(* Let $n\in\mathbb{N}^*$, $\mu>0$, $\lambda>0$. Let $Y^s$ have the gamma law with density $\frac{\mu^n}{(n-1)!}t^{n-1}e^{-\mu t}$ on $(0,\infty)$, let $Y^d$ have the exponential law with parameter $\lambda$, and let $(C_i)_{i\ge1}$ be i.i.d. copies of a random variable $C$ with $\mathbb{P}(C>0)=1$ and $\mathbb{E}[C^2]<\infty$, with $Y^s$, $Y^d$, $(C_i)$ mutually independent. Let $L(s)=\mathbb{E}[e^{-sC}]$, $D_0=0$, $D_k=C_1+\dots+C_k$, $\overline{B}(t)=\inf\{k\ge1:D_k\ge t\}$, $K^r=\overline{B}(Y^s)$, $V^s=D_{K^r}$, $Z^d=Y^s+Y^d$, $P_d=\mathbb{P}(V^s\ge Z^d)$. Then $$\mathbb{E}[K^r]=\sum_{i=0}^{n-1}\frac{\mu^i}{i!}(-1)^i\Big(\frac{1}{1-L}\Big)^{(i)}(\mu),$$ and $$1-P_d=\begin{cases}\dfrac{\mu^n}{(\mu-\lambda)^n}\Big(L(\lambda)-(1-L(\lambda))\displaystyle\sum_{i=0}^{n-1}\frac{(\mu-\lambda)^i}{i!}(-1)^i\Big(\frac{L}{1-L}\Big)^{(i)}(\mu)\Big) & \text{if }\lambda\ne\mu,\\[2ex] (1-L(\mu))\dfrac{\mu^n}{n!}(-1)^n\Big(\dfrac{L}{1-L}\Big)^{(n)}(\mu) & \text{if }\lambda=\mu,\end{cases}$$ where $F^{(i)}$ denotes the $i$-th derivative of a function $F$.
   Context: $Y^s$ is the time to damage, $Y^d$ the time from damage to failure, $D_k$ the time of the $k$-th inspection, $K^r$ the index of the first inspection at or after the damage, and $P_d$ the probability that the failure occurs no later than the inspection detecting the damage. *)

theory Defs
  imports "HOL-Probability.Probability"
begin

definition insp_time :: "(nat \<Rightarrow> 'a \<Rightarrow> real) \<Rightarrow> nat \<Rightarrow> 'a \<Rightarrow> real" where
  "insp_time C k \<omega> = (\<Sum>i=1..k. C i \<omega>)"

• • • • • • •

WHAT NEEDS TO BE DONE:
Starting with the line that contains "Context: $Y^s$ is", return each line through the last one of the data above, exactly as written and nothing more.

ANSWER FOR THE TASK:
   Context: $Y^s$ is the time to damage, $Y^d$ the time from damage to failure, $D_k$ the time of the $k$-th inspection, $K^r$ the index of the first inspection at or after the damage, and $P_d$ the probability that the failure occurs no later than the inspection detecting the damage. *)

theory Defs
  imports "HOL-Probability.Probability"
begin

definition insp_time :: "(nat \<Rightarrow> 'a \<Rightarrow> real) \<Rightarrow> nat \<Rightarrow> 'a \<Rightarrow> real" where
  "insp_time C k \<omega> = (\<Sum>i=1..k. C i \<omega>)"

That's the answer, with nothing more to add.